3Laboratory of 3D technologies, Stavropol State Medical University, Stavropol, Russian Federation. ruslankalmykov777 @ yandex.ru
4Diagnostic Department, Stavropol Regional Clinical Consultative and Diagnostic Center, Stavropol, Russian Federation.
5Department of Medicine, Faculty of Medicine, Dagestan State Medical University, Makhachkala, Russian Federation.
6Department of Food Technology and Engineering, Institute of Life Sciences, North Caucasus Federal University, Stavropol, Russian Federation.
Using augmented reality glasses with the HoloDoctor program for implantological treatment, a new method of simulating implantological and surgical treatment in the maxillofacial region demonstrated good visualization of the anatomical features of the implant placement area, the possibility for the surgeon to carefully study the intervention area before the operation, performing surgery in the conditions of the real anatomy of the patient including the use of navigation in augmented reality, which allows us to practice the skills of operations on a virtual patient using phantom dummies (made using 3D printing) that are linked to holography in real-time. Computed jawbones tomography was performed. The impressions of antagonists and the lower jaw were obtained and plaster models were made from the impressions, and were later scanned. Implants were virtually installed with the help of the planning program and a 3D reconstruction of the image of the jaws was performed, and a template was designed. The model of the jaw and the template are printed on 3D scanners. According to the template and based on the accepted protocol, the implants were inserted into the plastic model.

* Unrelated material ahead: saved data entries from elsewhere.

(* Let $X,Y,Z$ be countable discrete metric spaces of bounded geometry, $d_{XY},d'_{XY}\in D(X,Y)$, $d_{YZ},d'_{YZ}\in D(Y,Z)$, with $M_{d_{XY}}(X,Y)=M_{d'_{XY}}(X,Y)$ and $M_{d_{YZ}}(Y,Z)=M_{d'_{YZ}}(Y,Z)$. Then $M_{d_{YZ}\circ d_{XY}}(X,Z)=M_{d'_{YZ}\circ d'_{XY}}(X,Z)$.
   Context: Bounded geometry: for every $R>0$ the number of points in balls of radius $R$ is finite and uniformly bounded. $D(X,Y)$ is the set of metrics on $X\sqcup Y$ restricting to $d_X,d_Y$. For $T:H_X=l^2(X)\to H_Y=l^2(Y)$ bounded, $T_{yx}=\langle T\delta_x,\delta_y\rangle$; $T$ has propagation less than $L$ w.r.t. $d$ if $T_{yx}=0$ whenever $d(x,y)\ge L$; $M_d(X,Y)$ is the norm closure of bounded finite-propagation operators. $(d_{YZ}\circ d_{XY})$ is the metric on $X\sqcup Z$ extending $d_X,d_Z$ with $(d_{YZ}\circ d_{XY})(x,z)=\inf_{y\in Y}(d_{XY}(x,y)+d_{YZ}(y,z))$. *)

theory Defs
  imports "HOL-Analysis.Analysis"
begin

definition bounded_geometry :: "('a \<Rightarrow> 'a \<Rightarrow> real) \<Rightarrow> bool" where
  "bounded_geometry d \<longleftrightarrow>
     (\<forall>R>0. \<exists>N::nat. \<forall>x. finite {y. d x y < R} \<and> card {y. d x y < R} \<le> N)"

definition D_metrics ::
  "('x \<Rightarrow> 'x \<Rightarrow> real) \<Rightarrow> ('y \<Rightarrow> 'y \<Rightarrow> real) \<Rightarrow> (('x + 'y) \<Rightarrow> ('x + 'y) \<Rightarrow> real) set" where
  "D_metrics dX dY = {d. Metric_space UNIV d \<and>
      (\<forall>a b. d (Inl a) (Inl b) = dX a b) \<and> (\<forall>a b. d (Inr a) (Inr b) = dY a b)}"

text \<open>A bounded operator l2(X) -> l2(Y) is represented by its matrix T y x = <T delta_x, delta_y>.
  The matrix defines a bounded operator with norm at most C iff the associated sesquilinear
  form is bounded by C on finitely supported vectors.\<close>
definition mat_bound :: "('y \<Rightarrow> 'x \<Rightarrow> complex) \<Rightarrow> real \<Rightarrow> bool" where
  "mat_bound T C \<longleftrightarrow>
     (\<forall>(A::'x set) (B::'y set) v w. finite A \<and> finite B \<longrightarrow>
        cmod (\<Sum>y\<in>B. \<Sum>x\<in>A. cnj (w y) * T y x * v x)
          \<le> C * sqrt (\<Sum>x\<in>A. (cmod (v x))\<^sup>2) * sqrt (\<Sum>y\<in>B. (cmod (w y))\<^sup>2))"

definition bounded_op :: "('y \<Rightarrow> 'x \<Rightarrow> complex) \<Rightarrow> bool" where
  "bounded_op T \<longleftrightarrow> (\<exists>C. mat_bound T C)"

definition op_norm :: "('y \<Rightarrow> 'x \<Rightarrow> complex) \<Rightarrow> real" where
  "op_norm T = Inf {C. C \<ge> 0 \<and> mat_bound T C}"

definition prop_less ::
  "(('x + 'y) \<Rightarrow> ('x + 'y) \<Rightarrow> real) \<Rightarrow> real \<Rightarrow> ('y \<Rightarrow> 'x \<Rightarrow> complex) \<Rightarrow> bool" where
  "prop_less d L T \<longleftrightarrow> (\<forall>x y. d (Inl x) (Inr y) \<ge> L \<longrightarrow> T y x = 0)"

definition finite_prop ::
  "(('x + 'y) \<Rightarrow> ('x + 'y) \<Rightarrow> real) \<Rightarrow> ('y \<Rightarrow> 'x \<Rightarrow> complex) \<Rightarrow> bool" where
  "finite_prop d T \<longleftrightarrow> (\<exists>L. prop_less d L T)"

definition M_d :: "(('x + 'y) \<Rightarrow> ('x + 'y) \<Rightarrow> real) \<Rightarrow> ('y \<Rightarrow> 'x \<Rightarrow> complex) set" where
  "M_d d = {T. bounded_op T \<and>
      (\<forall>e>0. \<exists>S. bounded_op S \<and> finite_prop d S \<and> op_norm (\<lambda>y x. T y x - S y x) < e)}"

definition compose_metric ::
  "(('y + 'z) \<Rightarrow> ('y + 'z) \<Rightarrow> real) \<Rightarrow> (('x + 'y) \<Rightarrow> ('x + 'y) \<Rightarrow> real)
     \<Rightarrow> ('x + 'z) \<Rightarrow> ('x + 'z) \<Rightarrow> real" where
  "compose_metric dYZ dXY p q =
     (case (p, q) of
        (Inl x, Inl x') \<Rightarrow> dXY (Inl x) (Inl x')
      | (Inr z, Inr z') \<Rightarrow> dYZ (Inr z) (Inr z')
      | (Inl x, Inr z) \<Rightarrow> (INF y. dXY (Inl x) (Inr y) + dYZ (Inl y) (Inr z))
      | (Inr z, Inl x) \<Rightarrow> (INF y. dXY (Inl x) (Inr y) + dYZ (Inl y) (Inr z)))"

end

theory Submission
  imports Defs
begin

text \<open>Both sides of the theorem are governed by one coarse invariant of a metric d on X + Y:
  which cross distances d(x, y) are controlled by which. If every d-bounded cross distance is
  d'-bounded then every operator of finite d-propagation has finite d'-propagation, so
  M_d d \<subseteq> M_d d'. Conversely, by bounded geometry and the Schur test, the 0/1 matrix of the
  pairs with d(x, y) < R is a bounded operator of d-propagation at most R; approximating it
  within 1 by an operator of finite d'-propagation forces d' to be bounded on those pairs.
  Control of cross distances passes to the composed metrics because an infimum below R
  is witnessed by some y with both legs below R.\<close>

lemma mat_bound_mono:
  fixes T :: "'y \<Rightarrow> 'x \<Rightarrow> complex"
  assumes "mat_bound T C" and "C \<le> C'" shows "mat_bound T C'"
  unfolding mat_bound_def
proof (intro allI impI)
  fix A :: "'x set" and B :: "'y set" and v w
  assume "finite A \<and> finite B"
  let ?s = "sqrt (\<Sum>x\<in>A. (cmod (v x))\<^sup>2) * sqrt (\<Sum>y\<in>B. (cmod (w y))\<^sup>2)"
  have "cmod (\<Sum>y\<in>B. \<Sum>x\<in>A. cnj (w y) * T y x * v x) \<le> C * ?s"
    using assms(1) \<open>finite A \<and> finite B\<close> unfolding mat_bound_def mult.assoc by blast
  also have "\<dots> \<le> C' * ?s"
    using assms(2) by (intro mult_right_mono mult_nonneg_nonneg real_sqrt_ge_zero sum_nonneg) auto
  finally show "cmod (\<Sum>y\<in>B. \<Sum>x\<in>A. cnj (w y) * T y x * v x)
      \<le> C' * sqrt (\<Sum>x\<in>A. (cmod (v x))\<^sup>2) * sqrt (\<Sum>y\<in>B. (cmod (w y))\<^sup>2)"
    by (simp only: mult.assoc)
qed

Key words: 3D Scanner, Simulation System, Augmented Reality Glasses, Robotic-Assisted Surgery.
Restoring defects in the maxillofacial region is an urgent modern dentistry problem [1-4]. Due to the various causes leading to the loss of hard and soft tissues of this area, the clinical picture can be very diverse, from a defect in a part of the tooth to extensive defects involving several anatomical formations of the maxillofacial and adjacent areas [5-8].
3D technologies allow us to eliminate the need to make calculations and drawings by hand and manual labor. Modern software allows us to see the model from all angles on the screen and eliminate the identified shortcomings not in the process of creation, as is the case with manual manufacturing [9, 10], but directly during the development and prototyping of the model [11-17]. At the same time, the possibility of inherent errors in manual work is practically excluded. Modern software for processing images obtained during cone-beam CT and MRI is supplied together with the devices. The functions of these programs are sometimes not enough to perform more complex work with the obtained data, including differentiation of tumors in various diseases [18-20].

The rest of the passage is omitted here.